From Bugzilla Helper: User-Agent: Mozilla/4.0 (compatible; MSIE 5.5; Windows 98) Description of problem: Dual athlon smp motherboard 2100 processors AMD K7D Master dual CPU motherboard 2.4.18-19.7.xsmp kernel DPT PM2654U2-R PCI RAID Controller with 3 controllers (daughtercard). SCSI 5 RAID Using enlight 7100 raid enclosure on one controller Seagate DAT Drive on second controller. System will operate normally unless DAT drive is used. 40% of the time the DAT drive is used (especially during CRON job), the system will hang. No video, No drive action. Hard power cycle is the only way to bring it back. This looks like it might be a timing window of some kind. This exact same raid controller worked fine on a dual PIII 600 MHz box prior to upgrading it to dual Athlon. Redhat version 6.2 was the OS at that time. Did the i2o drivers in the kernel change? Version-Release number of selected component (if applicable): How reproducible: Sometimes Steps to Reproduce: 1. Set cron job to back system up daily (bru 17.2) (bru -c -vvvv /) 2. Go in to work early to reboot system. 3. Actual Results: Darkness on server. No ip functionality, no display, no drive action. Expected Results: Backup should complete, cron should finish other tasks. Additional info: Deleting the CRON job that makes the drive back up stopped the hang issue.
Please note the motherboard is MSI not AMD.
Going back through my files, the original use of this card on a RedHat 6.2 server used the I2O drivers from the DPT vendor. It was not a part of the OS. I'm going to move the tape drive to the same controller as the RAID 5 array today and test some more. Copies of the original driver are available on request.
Moving the DAT drive to the same controller as the RAID array has allowed backups to be done manually. I will put it back in CRON tonight. It's looking like a kernel I20 timing issue between the first and second controllers on the PM2654U2-R SCSI card.
dpt_i2o (the driver we ship in current kernels) is the same vendor driver as people added to old releases. The core i2o code will handle the dpt ok but the dpt speaks a slightly odd dialect of i2o and the vendor driver is better for the card.

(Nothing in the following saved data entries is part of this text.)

(* For all $n\geq 1$, \[2\bar{a}_2(n)=\bar{p}(2n,n).\]
   Context: An overpartition of $n$ is a partition of $n$ in which the first occurrence of each distinct part value may be overlined. $\bar{a}_2(n)$ is the number of overpartitions of $n$ in which the smallest part value occurs at least twice, where an overlined part and a non-overlined part of the same value count as equal. $\bar{p}(N,t)$ is the number of overpartitions of $N$ in which the largest part minus the smallest part equals $t$. *)

theory Defs
  imports Main "HOL-Library.Multiset"
begin

text \<open>An overpartition of n is represented as a pair (M, Ov): M is a multiset of
positive parts summing to n (the underlying partition), and Ov is the set of part
values whose first occurrence is overlined (so Ov is a subset of the distinct part values).\<close>

definition overpartitions :: "nat \<Rightarrow> (nat multiset \<times> nat set) set" where
  "overpartitions n = {(M, Ov). (\<forall>x\<in>#M. 0 < x) \<and> sum_mset M = n \<and> Ov \<subseteq> set_mset M}"

definition smallest_part :: "nat multiset \<Rightarrow> nat" where
  "smallest_part M = Min (set_mset M)"

definition largest_part :: "nat multiset \<Rightarrow> nat" where
  "largest_part M = Max (set_mset M)"

definition abar2 :: "nat \<Rightarrow> nat" where
  "abar2 n = card {(M, Ov) \<in> overpartitions n. M \<noteq> {#} \<and> count M (smallest_part M) \<ge> 2}"

definition pbar :: "nat \<Rightarrow> nat \<Rightarrow> nat" where
  "pbar N t = card {(M, Ov) \<in> overpartitions N. M \<noteq> {#} \<and> largest_part M - smallest_part M = t}"

end

theory Submission
  imports Defs
begin

text \<open>Let the smallest part s of an overpartition of n occur at least twice. Replacing one
copy of s by s + n gives an overpartition of 2n with smallest part s and largest part s + n;
since every old part is at most n, the part s + n is new and may or may not be overlined, which
accounts for the factor 2. Conversely, if the largest part L of an overpartition of 2n exceeds
its smallest part s by n, then L occurs only once, and replacing it by s undoes the construction.\<close>

lemma member_le_sum_mset:
  fixes x :: "'a::canonically_ordered_monoid_add"
  assumes "x \<in># M"
  shows "x \<le> sum_mset M"
  using sum_mset.remove[OF assms] by (metis le_iff_add)

lemma smallest_part_in: "M \<noteq> {#} \<Longrightarrow> smallest_part M \<in># M"
  unfolding smallest_part_def by simp

lemma smallest_part_le: "y \<in># M \<Longrightarrow> smallest_part M \<le> y"
  unfolding smallest_part_def by simp

lemma smallest_part_eqI: "x \<in># M \<Longrightarrow> (\<And>y. y \<in># M \<Longrightarrow> x \<le> y) \<Longrightarrow> smallest_part M = x"
  unfolding smallest_part_def by (intro Min_eqI) auto

lemma largest_part_in: "M \<noteq> {#} \<Longrightarrow> largest_part M \<in># M"
  unfolding largest_part_def by simp

lemma largest_part_eqI: "x \<in># M \<Longrightarrow> (\<And>y. y \<in># M \<Longrightarrow> y \<le> x) \<Longrightarrow> largest_part M = x"
  unfolding largest_part_def by (intro Max_eqI) auto

definition raise_smallest :: "nat \<Rightarrow> nat multiset \<Rightarrow> nat multiset" where
  "raise_smallest n M = M - {#smallest_part M#} + {#smallest_part M + n#}"

definition lower_largest :: "nat multiset \<Rightarrow> nat multiset" where
  "lower_largest M = M - {#largest_part M#} + {#smallest_part M#}"

lemma raise_smallest:
  assumes pos: "\<forall>x\<in>#M. 0 < x" and sum: "sum_mset M = n"
    and repeated: "count M (smallest_part M) \<ge> 2"
  defines "s \<equiv> smallest_part M"
  shows "s + n \<notin># M"
    and "set_mset (raise_smallest n M) = insert (s + n) (set_mset M)"
    and "smallest_part (raise_smallest n M) = s"
    and "largest_part (raise_smallest n M) = s + n"
    and "sum_mset (raise_smallest n M) = 2 * n"
    and "lower_largest (raise_smallest n M) = M"
proof -
  have s_in_rest: "s \<in># M - {#s#}"
    using repeated unfolding s_def by (simp add: in_diff_count)
  then have s_in: "s \<in># M"
    by (meson in_diffD)
  have s_le: "s \<le> y" if "y \<in># M" for y
    unfolding s_def using that by (rule smallest_part_le)
  have parts_le: "y \<le> n" if "y \<in># M" for y
    using member_le_sum_mset[OF that] sum by simp
  have "0 < s"
    using pos s_in by blast
  then show "s + n \<notin># M"
    using parts_le by fastforce
  have "set_mset M = insert s (set_mset (M - {#s#}))"
    using s_in by (metis insert_DiffM set_mset_add_mset_insert)
  then have set_rest: "set_mset (M - {#s#}) = set_mset M"
    using s_in_rest by (simp add: insert_absorb)
  show set_raise: "set_mset (raise_smallest n M) = insert (s + n) (set_mset M)"
    unfolding raise_smallest_def s_def[symmetric] by (simp add: set_rest)
  show smallest: "smallest_part (raise_smallest n M) = s"
    by (rule smallest_part_eqI) (auto simp: set_raise s_in s_le)
  show "largest_part (raise_smallest n M) = s + n"
    by (rule largest_part_eqI) (auto simp: set_raise dest: parts_le)
  show "sum_mset (raise_smallest n M) = 2 * n"
    using sum_mset.remove[OF s_in] sum unfolding raise_smallest_def s_def[symmetric] by simp
  show "lower_largest (raise_smallest n M) = M"
    using s_in unfolding lower_largest_def smallest \<open>largest_part (raise_smallest n M) = s + n\<close>
    unfolding raise_smallest_def s_def[symmetric] by simp
qed

lemma lower_largest:
  assumes pos: "\<forall>x\<in>#M. 0 < x" and sum: "sum_mset M = 2 * n" and "M \<noteq> {#}"
    and spread: "largest_part M - smallest_part M = n" and "n \<ge> 1"
  defines "s \<equiv> smallest_part M" and "L \<equiv> largest_part M"
  shows "L = s + n"
    and "set_mset (lower_largest M) = set_mset M - {L}"
    and "smallest_part (lower_largest M) = s"
    and "count (lower_largest M) s \<ge> 2"
    and "sum_mset (lower_largest M) = n"
    and "raise_smallest n (lower_largest M) = M"
proof -
  have s_in: "s \<in># M" and L_in: "L \<in># M"
    using \<open>M \<noteq> {#}\<close> unfolding s_def L_def by (simp_all add: smallest_part_in largest_part_in)
  have s_le: "s \<le> y" if "y \<in># M" for y
    unfolding s_def using that by (rule smallest_part_le)
  show L_eq: "L = s + n"
    using spread s_le[OF L_in] unfolding s_def L_def by simp
  define R where "R = M - {#L#}"
  have M_eq: "M = add_mset L R"
    using L_in unfolding R_def by simp
  have "s \<noteq> L"
    using L_eq \<open>n \<ge> 1\<close> by simp
  then have s_in_R: "s \<in># R"
    using s_in unfolding M_eq by simp
  \<comment> \<open>The largest part occurs only once: otherwise the parts would sum to at least 2L + s > 2n.\<close>
  have L_notin_R: "L \<notin># R"
  proof
    assume "L \<in># R"
    then have "sum_mset R = L + sum_mset (R - {#L#})"
      by (rule sum_mset.remove)
    moreover have "s \<le> sum_mset (R - {#L#})"
      using s_in_R \<open>s \<noteq> L\<close> by (intro member_le_sum_mset) (simp add: in_diff_count)
    moreover have "0 < s"
      using pos s_in by blast
    ultimately show False
      using sum L_eq unfolding M_eq by simp
  qed
  have lower_eq: "lower_largest M = add_mset s R"
    unfolding lower_largest_def R_def s_def L_def by simp
  show set_lower: "set_mset (lower_largest M) = set_mset M - {L}"
    using s_in_R L_notin_R unfolding lower_eq by (subst M_eq) auto
  show smallest: "smallest_part (lower_largest M) = s"
    by (rule smallest_part_eqI) (simp add: lower_eq, use set_lower s_le in blast)
  show "count (lower_largest M) s \<ge> 2"
    using s_in_R unfolding lower_eq by simp
  show "sum_mset (lower_largest M) = n"
    using sum L_eq unfolding lower_eq by (subst (asm) M_eq) simp
  show "raise_smallest n (lower_largest M) = M"
    unfolding raise_smallest_def smallest unfolding lower_eq
    using M_eq L_eq by simp
qed

definition repeated_smallest_overpartitions :: "nat \<Rightarrow> (nat multiset \<times> nat set) set" where
  "repeated_smallest_overpartitions n =
     {(M, Ov) \<in> overpartitions n. M \<noteq> {#} \<and> count M (smallest_part M) \<ge> 2}"

definition spread_overpartitions :: "nat \<Rightarrow> nat \<Rightarrow> (nat multiset \<times> nat set) set" where
  "spread_overpartitions N t =
     {(M, Ov) \<in> overpartitions N. M \<noteq> {#} \<and> largest_part M - smallest_part M = t}"

fun raise_overpartition :: "nat \<Rightarrow> (nat multiset \<times> nat set) \<times> bool \<Rightarrow> nat multiset \<times> nat set" where
  "raise_overpartition n ((M, Ov), overline) =
     (raise_smallest n M, if overline then insert (smallest_part M + n) Ov else Ov)"

fun lower_overpartition :: "nat multiset \<times> nat set \<Rightarrow> (nat multiset \<times> nat set) \<times> bool" where
  "lower_overpartition (M, Ov) = ((lower_largest M, Ov - {largest_part M}), largest_part M \<in> Ov)"

lemma raise_overpartition_in_spread:
  assumes "p \<in> repeated_smallest_overpartitions n"
  shows "raise_overpartition n (p, overline) \<in> spread_overpartitions (2 * n) n"
    and "lower_overpartition (raise_overpartition n (p, overline)) = (p, overline)"
proof -
  obtain M Ov where p: "p = (M, Ov)" and pos: "\<forall>x\<in>#M. 0 < x" and sum: "sum_mset M = n"
    and Ov: "Ov \<subseteq> set_mset M" and repeated: "count M (smallest_part M) \<ge> 2"
    using assms unfolding repeated_smallest_overpartitions_def overpartitions_def by auto
  note raised = raise_smallest[OF pos sum repeated]
  have "0 < smallest_part M"
    using pos repeated by (metis count_eq_zero_iff not_numeral_le_zero)
  show "raise_overpartition n (p, overline) \<in> spread_overpartitions (2 * n) n"
    using pos Ov raised(2-5) \<open>0 < smallest_part M\<close> unfolding p spread_overpartitions_def overpartitions_def
    by (auto simp flip: set_mset_eq_empty_iff)
  show "lower_overpartition (raise_overpartition n (p, overline)) = (p, overline)"
    using Ov raised unfolding p by auto
qed

lemma lower_overpartition_in_repeated_smallest:
  assumes "p \<in> spread_overpartitions (2 * n) n" and "n \<ge> 1"
  shows "lower_overpartition p \<in> repeated_smallest_overpartitions n \<times> UNIV"
    and "raise_overpartition n (lower_overpartition p) = p"
proof -
  obtain M Ov where p: "p = (M, Ov)" and pos: "\<forall>x\<in>#M. 0 < x" and sum: "sum_mset M = 2 * n"
    and Ov: "Ov \<subseteq> set_mset M" and "M \<noteq> {#}" and spread: "largest_part M - smallest_part M = n"
    using assms unfolding spread_overpartitions_def overpartitions_def by auto
  note lowered = lower_largest[OF pos sum \<open>M \<noteq> {#}\<close> spread \<open>n \<ge> 1\<close>]
  show "lower_overpartition p \<in> repeated_smallest_overpartitions n \<times> UNIV"
    using pos Ov lowered(2-5) unfolding p repeated_smallest_overpartitions_def overpartitions_def
    by (auto dest: multi_member_split)
  show "raise_overpartition n (lower_overpartition p) = p"
    using lowered(1,3,6) unfolding p by auto
qed

lemma bij_betw_raise_overpartition:
  assumes "n \<ge> 1"
  shows "bij_betw (raise_overpartition n)
           (repeated_smallest_overpartitions n \<times> UNIV) (spread_overpartitions (2 * n) n)"
  by (rule bij_betw_byWitness[where f' = lower_overpartition])
    (use raise_overpartition_in_spread lower_overpartition_in_repeated_smallest[OF _ assms] in auto)

theorem theorem5p2:
  fixes n :: nat
  assumes "n \<ge> 1"
  shows "2 * abar2 n = pbar (2 * n) n"
proof -
  have "pbar (2 * n) n = card (spread_overpartitions (2 * n) n)"
    unfolding pbar_def spread_overpartitions_def ..
  also have "\<dots> = card (repeated_smallest_overpartitions n \<times> (UNIV :: bool set))"
    using bij_betw_same_card[OF bij_betw_raise_overpartition[OF assms]] by simp
  also have "\<dots> = 2 * abar2 n"
    unfolding card_cartesian_product abar2_def repeated_smallest_overpartitions_def by simp
  finally show ?thesis ..
qed

end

Odd dialect of i2o or not, I would still have to consider something that kills a system with no debug output or other indications a rather serious software bug. Since it does does die so hard, I cannot tell you whether it is the i2o driver or the kernel interaction with it. We ran the same configuration with the older kernel (Rh6.2) and the vendor i2o driver with no issues for a couple of years. Since this is a production box, I cannot afford to make many changes to try to debug where it is hanging exactly.
Unclear if i2o or dpt_i2o, installer should have favoured dpt_i2o however
Thanks for the bug report. However, Red Hat no longer maintains this version of the product. Please upgrade to the latest version and open a new bug if the problem persists. The Fedora Legacy project (http://fedoralegacy.org/) maintains some older releases, and if you believe this bug is interesting to them, please report the problem in the bug tracker at: http://bugzilla.fedora.us/